[Supplied records]:
definition full_ranking :: "nat \<Rightarrow> nat list \<Rightarrow> bool" where
  "full_ranking m l \<longleftrightarrow> distinct l \<and> set l = {0..<m}"

definition top_list :: "nat \<Rightarrow> nat \<Rightarrow> nat list \<Rightarrow> bool" where
  "top_list m t l \<longleftrightarrow> distinct l \<and> length l = t \<and> set l \<subseteq> {0..<m}"

definition top_profile :: "nat \<Rightarrow> nat \<Rightarrow> nat \<Rightarrow> (nat \<Rightarrow> nat list) \<Rightarrow> bool" where
  "top_profile n m t \<sigma> \<longleftrightarrow> (\<forall>i<n. top_list m t (\<sigma> i))"

definition extends_profile :: "nat \<Rightarrow> nat \<Rightarrow> nat \<Rightarrow> (nat \<Rightarrow> nat list) \<Rightarrow> (nat \<Rightarrow> nat list) \<Rightarrow> bool" where
  "extends_profile n m t \<sigma> \<rho> \<longleftrightarrow> (\<forall>i<n. full_ranking m (\<rho> i) \<and> take t (\<rho> i) = \<sigma> i)"

definition prefers :: "nat list \<Rightarrow> nat \<Rightarrow> nat \<Rightarrow> bool" where
  "prefers l X Y \<longleftrightarrow> X \<in> set l \<and> Y \<in> set l \<and> index l X < index l Y"

text \<open>Reported rank r_i(Y) in {1..t} (meaningful when Y is in the top-t list).\<close>
definition rnk :: "nat list \<Rightarrow> nat \<Rightarrow> nat" where
  "rnk l Y = index l Y + 1"

definition rep_prefers :: "nat list \<Rightarrow> nat \<Rightarrow> nat \<Rightarrow> bool" where
  "rep_prefers l Y X \<longleftrightarrow> Y \<in> set l \<and> (X \<notin> set l \<or> rnk l Y < rnk l X)"

definition unit_sum_utils :: "nat \<Rightarrow> nat \<Rightarrow> (nat \<Rightarrow> nat \<Rightarrow> real) \<Rightarrow> bool" where
  "unit_sum_utils n m u \<longleftrightarrow> (\<forall>i<n. (\<forall>X<m. u i X \<ge> 0) \<and> (\<Sum>X<m. u i X) = 1)"

definition util_consistent :: "nat \<Rightarrow> nat \<Rightarrow> nat \<Rightarrow> (nat \<Rightarrow> nat list) \<Rightarrow> (nat \<Rightarrow> nat \<Rightarrow> real) \<Rightarrow> bool" where
  "util_consistent n m t \<sigma> u \<longleftrightarrow> unit_sum_utils n m u \<and>
     (\<exists>\<rho>. extends_profile n m t \<sigma> \<rho> \<and>
        (\<forall>i<n. \<forall>X<m. \<forall>Y<m. prefers (\<rho> i) X Y \<longrightarrow> u i X \<ge> u i Y))"

definition SW :: "nat \<Rightarrow> (nat \<Rightarrow> nat \<Rightarrow> real) \<Rightarrow> nat \<Rightarrow> real" where
  "SW n u X = (\<Sum>i<n. u i X)"

text \<open>A pseudometric on agents (Inl i) and alternatives (Inr X).\<close>
definition pseudometric_on :: "(nat + nat) set \<Rightarrow> ((nat + nat) \<Rightarrow> (nat + nat) \<Rightarrow> real) \<Rightarrow> bool" where
  "pseudometric_on S d \<longleftrightarrow> (\<forall>x\<in>S. d x x = 0) \<and> (\<forall>x\<in>S. \<forall>y\<in>S. d x y \<ge> 0 \<and> d x y = d y x) \<and>
     (\<forall>x\<in>S. \<forall>y\<in>S. \<forall>z\<in>S. d x z \<le> d x y + d y z)"

definition metric_consistent :: "nat \<Rightarrow> nat \<Rightarrow> nat \<Rightarrow> (nat \<Rightarrow> nat list) \<Rightarrow> ((nat + nat) \<Rightarrow> (nat + nat) \<Rightarrow> real) \<Rightarrow> bool" where
  "metric_consistent n m t \<sigma> d \<longleftrightarrow> pseudometric_on (Inl ` {0..<n} \<union> Inr ` {0..<m}) d \<and>
     (\<exists>\<rho>. extends_profile n m t \<sigma> \<rho> \<and>
        (\<forall>i<n. \<forall>X<m. \<forall>Y<m. prefers (\<rho> i) X Y \<longrightarrow> d (Inl i) (Inr X) \<le> d (Inl i) (Inr Y)))"

definition SC :: "nat \<Rightarrow> ((nat + nat) \<Rightarrow> (nat + nat) \<Rightarrow> real) \<Rightarrow> nat \<Rightarrow> real" where
  "SC n d X = (\<Sum>i<n. d (Inl i) (Inr X))"

definition det_rule :: "nat \<Rightarrow> nat \<Rightarrow> nat \<Rightarrow> ((nat \<Rightarrow> nat list) \<Rightarrow> nat) \<Rightarrow> bool" where
  "det_rule n m t g \<longleftrightarrow> (\<forall>\<sigma>. top_profile n m t \<sigma> \<longrightarrow> g \<sigma> < m)"

text \<open>Metric distortion of g is at most c (sup of SC(g)/SC(X) \<le> c, written multiplicatively).\<close>
definition metric_distortion_le :: "nat \<Rightarrow> nat \<Rightarrow> nat \<Rightarrow> ((nat \<Rightarrow> nat list) \<Rightarrow> nat) \<Rightarrow> real \<Rightarrow> bool" where
  "metric_distortion_le n m t g c \<longleftrightarrow>
     (\<forall>\<sigma> d. top_profile n m t \<sigma> \<longrightarrow> metric_consistent n m t \<sigma> d \<longrightarrow>
        (\<forall>X<m. SC n d (g \<sigma>) \<le> c * SC n d X))"

definition TH_p :: "nat \<Rightarrow> ((nat \<Rightarrow> nat list) \<Rightarrow> nat) \<Rightarrow> (nat \<Rightarrow> nat list) \<Rightarrow> nat \<Rightarrow> nat \<Rightarrow> real" where
  "TH_p t g \<sigma> i Y =
     (let Xh = g \<sigma>; l = \<sigma> i in
      if rep_prefers l Y Xh then 1 / (2 * harm t * real (rnk l Y))
      else if Y = Xh then
        1 - (\<Sum>Z\<in>{Z\<in>set l. rep_prefers l Z Xh}. 1 / (2 * harm t * real (rnk l Z)))
      else 0)"

text \<open>Probability that the rule outputs Y: uniform agent i, then Y w.p. TH_p.\<close>
definition TH_prob :: "nat \<Rightarrow> nat \<Rightarrow> ((nat \<Rightarrow> nat list) \<Rightarrow> nat) \<Rightarrow> (nat \<Rightarrow> nat list) \<Rightarrow> nat \<Rightarrow> real" where
  "TH_prob n t g \<sigma> Y = (\<Sum>i<n. TH_p t g \<sigma> i Y) / real n"

definition TH_expected_SW :: "nat \<Rightarrow> nat \<Rightarrow> nat \<Rightarrow> ((nat \<Rightarrow> nat list) \<Rightarrow> nat) \<Rightarrow> (nat \<Rightarrow> nat list) \<Rightarrow> (nat \<Rightarrow> nat \<Rightarrow> real) \<Rightarrow> real" where
  "TH_expected_SW n m t g \<sigma> u = (\<Sum>Y<m. TH_prob n t g \<sigma> Y * SW n u Y)"

end

theory Submission
  imports Defs
begin

text \<open>Write \<open>X\<^sub>0 = g \<sigma>\<close>, \<open>H = harm t\<close>, \<open>P(X)\<close> for the probability that the rule outputs
  \<open>X\<close>, and \<open>E\<close> for its expected welfare. Whichever agent \<open>i\<close> is drawn, the rule outputs
  \<open>X\<^sub>0\<close> with probability at least \<open>1/2\<close>, so \<open>SW X\<^sub>0 \<le> 2E\<close>; and it outputs an alternative \<open>Y\<close>
  that \<open>i\<close> reports above \<open>X\<^sub>0\<close> with probability \<open>1/(2H r\<^sub>i(Y)) \<ge> u\<^sub>i(Y)/(2H)\<close>, since a unit-sum utility consistent with the ranking
  has \<open>u\<^sub>i(Y) r\<^sub>i(Y) \<le> 1\<close>. Let \<open>\<beta>\<^sub>i\<close> be the utility agent \<open>i\<close> puts on the alternatives she
  reports above \<open>X\<^sub>0\<close> and \<open>\<theta> = \<Sum>\<^sub>i \<beta>\<^sub>i\<close>. Then \<open>SW X \<le> SW X\<^sub>0 + \<theta>/t + 2Hn P(X)\<close>;
  Cauchy--Schwarz over the alternatives gives \<open>\<theta>\<^sup>2 \<le> 2Hnm E\<close> and, applied to the agents' top
  choices, \<open>n \<le> 2Hm\<^sup>2 E\<close>; and each agent has \<open>1 \<le> (m/t) \<beta>\<^sub>i + m u\<^sub>i(X\<^sub>0)\<close>. Balancing these
  estimates yields \<open>SW X \<le> 8 (m \<surd>m H / t) E\<close>.\<close>

lemma index_less_length: "x \<in> set l \<Longrightarrow> index l x < length l"
  by (induction l) auto

lemma nth_index: "x \<in> set l \<Longrightarrow> l ! index l x = x"
  by (induction l) auto

lemma index_le_length: "index l x \<le> length l"
  by (induction l) auto

lemma index_nth: "distinct l \<Longrightarrow> j < length l \<Longrightarrow> index l (l ! j) = j"
proof (induction l arbitrary: j)
  case (Cons a l)
  then show ?case by (cases j) (auto simp: nth_mem)
qed simp

lemma in_set_take_iff_index: "x \<in> set l \<Longrightarrow> x \<in> set (take t l) \<longleftrightarrow> index l x < t"
proof (induction l arbitrary: t)
  case (Cons a l)
  then show ?case by (cases t) auto
qed simp

lemma index_take: "x \<in> set l \<Longrightarrow> index l x < t \<Longrightarrow> index (take t l) x = index l x"
proof (induction l arbitrary: t)
  case (Cons a l)
  then show ?case by (cases t) auto
qed simp

lemma antitone_prefix_average:
  fixes a :: "nat \<Rightarrow> real"
  assumes anti: "\<And>j k. j \<le> k \<Longrightarrow> k < m \<Longrightarrow> a k \<le> a j" and k: "1 \<le> k" "k \<le> m"
  shows "real k * (\<Sum>j<m. a j) \<le> real m * (\<Sum>j<k. a j)"
proof -
  \<comment> \<open>the last prefix term separates the prefix (each term above it) from the suffix (each below)\<close>
  define b where "b = a (k - 1)"
  have prefix: "real k * b \<le> (\<Sum>j<k. a j)"
  proof -
    have "(\<Sum>j<k. b) \<le> (\<Sum>j<k. a j)"
      using anti k by (intro sum_mono) (auto simp: b_def)
    then show ?thesis by simp
  qed
  have suffix: "(\<Sum>j\<in>{k..<m}. a j) \<le> real (m - k) * b"
  proof -
    have "(\<Sum>j\<in>{k..<m}. a j) \<le> (\<Sum>j\<in>{k..<m}. b)"
      using anti k by (intro sum_mono) (auto simp: b_def)
    then show ?thesis by simp
  qed
  have split: "(\<Sum>j<m. a j) = (\<Sum>j<k. a j) + (\<Sum>j\<in>{k..<m}. a j)"
    using k by (metis atLeast0LessThan sum.atLeastLessThan_concat zero_le)
  have "real k * (\<Sum>j<m. a j) \<le> real k * (\<Sum>j<k. a j) + real k * (real (m - k) * b)"
    using split suffix k by (simp add: distrib_left)
  also have "\<dots> \<le> real k * (\<Sum>j<k. a j) + real (m - k) * (\<Sum>j<k. a j)"
    using mult_left_mono[OF prefix, of "real (m - k)"] by (simp add: mult.left_commute)
  finally show ?thesis
    using k by (simp add: of_nat_diff algebra_simps)
qed

locale ranked_agent =
  fixes m :: nat and l :: "nat list" and v :: "nat \<Rightarrow> real"
  assumes full_ranking: "full_ranking m l"
    and utility_nonneg: "\<And>Y. Y < m \<Longrightarrow> 0 \<le> v Y"
    and utility_sum: "(\<Sum>Y<m. v Y) = 1"
    and utility_monotone: "\<And>X Y. X < m \<Longrightarrow> Y < m \<Longrightarrow> prefers l X Y \<Longrightarrow> v Y \<le> v X"
begin

lemma distinct: "distinct l"
  using full_ranking by (simp add: full_ranking_def)

lemma set_eq: "set l = {..<m}"
  using full_ranking by (simp add: full_ranking_def atLeast0LessThan)

lemma length_eq: "length l = m"
  using distinct_card[OF distinct] by (simp add: set_eq)

lemma nth_less: "j < m \<Longrightarrow> l ! j < m"
  using nth_mem[of j l] by (simp add: length_eq set_eq)

lemma index_less: "Y < m \<Longrightarrow> index l Y < m"
  using index_less_length[of Y l] by (simp add: length_eq set_eq)

lemma nth_index_eq: "Y < m \<Longrightarrow> l ! index l Y = Y"
  by (simp add: nth_index set_eq)

lemma index_nth_eq: "j < m \<Longrightarrow> index l (l ! j) = j"
  by (simp add: index_nth distinct length_eq)

lemma sum_by_position: "(\<Sum>Y<m. f Y) = (\<Sum>j<m. f (l ! j))"
proof -
  have "(\<Sum>Y<m. f Y) = sum_list (map f l)"
    using sum.distinct_set_conv_list[OF distinct, of f] by (simp add: set_eq)
  also have "\<dots> = (\<Sum>j<m. f (l ! j))"
    by (simp add: sum_list_sum_nth length_eq atLeast0LessThan)
  finally show ?thesis .
qed

lemma utility_antitone:
  assumes "j \<le> k" "k < m" shows "v (l ! k) \<le> v (l ! j)"
proof (cases "j = k")
  case False
  then have "prefers l (l ! j) (l ! k)"
    using assms by (simp add: prefers_def index_nth_eq length_eq)
  then show ?thesis
    using assms by (simp add: utility_monotone nth_less)
qed simp

lemma utility_position_sum: "(\<Sum>j<m. v (l ! j)) = 1"
  using utility_sum sum_by_position[of v] by simp

lemma utility_times_rank_le_one:
  assumes "Y < m" shows "v Y * real (index l Y + 1) \<le> 1"
proof -
  define p where "p = index l Y"
  have p: "p < m" "l ! p = Y"
    using assms by (simp_all add: p_def index_less nth_index_eq)
  have "v Y * real (p + 1) = (\<Sum>j<Suc p. v Y)"
    by simp
  also have "\<dots> \<le> (\<Sum>j<Suc p. v (l ! j))"
    using p utility_antitone by (intro sum_mono) fastforce
  also have "\<dots> \<le> (\<Sum>j<m. v (l ! j))"
    using p nth_less utility_nonneg by (intro sum_mono2) auto
  finally show ?thesis
    by (simp add: utility_position_sum p_def)
qed

lemma one_le_top_utility: "0 < m \<Longrightarrow> 1 \<le> real m * v (l ! 0)"
  using antitone_prefix_average[of m "\<lambda>j. v (l ! j)" 1] utility_antitone
  by (simp add: utility_position_sum)

definition mass_above :: "nat \<Rightarrow> nat \<Rightarrow> real" where
  "mass_above t X = (\<Sum>j < min t (index l X). v (l ! j))"

lemma reported_above_iff:
  assumes "Y < m" "X < m"
  shows "rep_prefers (take t l) Y X \<longleftrightarrow> index l Y < min t (index l X)"
  using in_set_take_iff_index[of Y l t] in_set_take_iff_index[of X l t]
    index_take[of Y l t] index_take[of X l t] assms
  by (auto simp: rep_prefers_def rnk_def set_eq)

lemma rnk_take: "Y < m \<Longrightarrow> index l Y < t \<Longrightarrow> rnk (take t l) Y = index l Y + 1"
  by (simp add: rnk_def index_take set_eq)

lemma mass_above_eq_sum:
  "mass_above t X = (\<Sum>Y<m. if index l Y < min t (index l X) then v Y else 0)"
proof -
  define k where "k = min t (index l X)"
  have k: "k \<le> m"
    using index_le_length[of l X] by (simp add: k_def length_eq)
  have "(\<Sum>Y<m. if index l Y < k then v Y else 0) = (\<Sum>j<m. if j < k then v (l ! j) else 0)"
    by (simp add: sum_by_position[of "\<lambda>Y. if index l Y < k then v Y else 0"] index_nth_eq)
  also have "\<dots> = sum (\<lambda>j. v (l ! j)) ({..<m} \<inter> {j. j < k})"
    by (simp add: sum.inter_restrict)
  also have "{..<m} \<inter> {j. j < k} = {..<k}"
    using k by auto
  finally show ?thesis
    by (simp add: mass_above_def k_def)
qed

[What this task involves]: Return, with no change at all, every line in the entries above from the line containing "(\<Sum>i<n. d (Inl" through the line containing "g c \<longleftrightarrow>".

[Response area]:
  "SC n d X = (\<Sum>i<n. d (Inl i) (Inr X))"

definition det_rule :: "nat \<Rightarrow> nat \<Rightarrow> nat \<Rightarrow> ((nat \<Rightarrow> nat list) \<Rightarrow> nat) \<Rightarrow> bool" where
  "det_rule n m t g \<longleftrightarrow> (\<forall>\<sigma>. top_profile n m t \<sigma> \<longrightarrow> g \<sigma> < m)"

text \<open>Metric distortion of g is at most c (sup of SC(g)/SC(X) \<le> c, written multiplicatively).\<close>
definition metric_distortion_le :: "nat \<Rightarrow> nat \<Rightarrow> nat \<Rightarrow> ((nat \<Rightarrow> nat list) \<Rightarrow> nat) \<Rightarrow> real \<Rightarrow> bool" where
  "metric_distortion_le n m t g c \<longleftrightarrow>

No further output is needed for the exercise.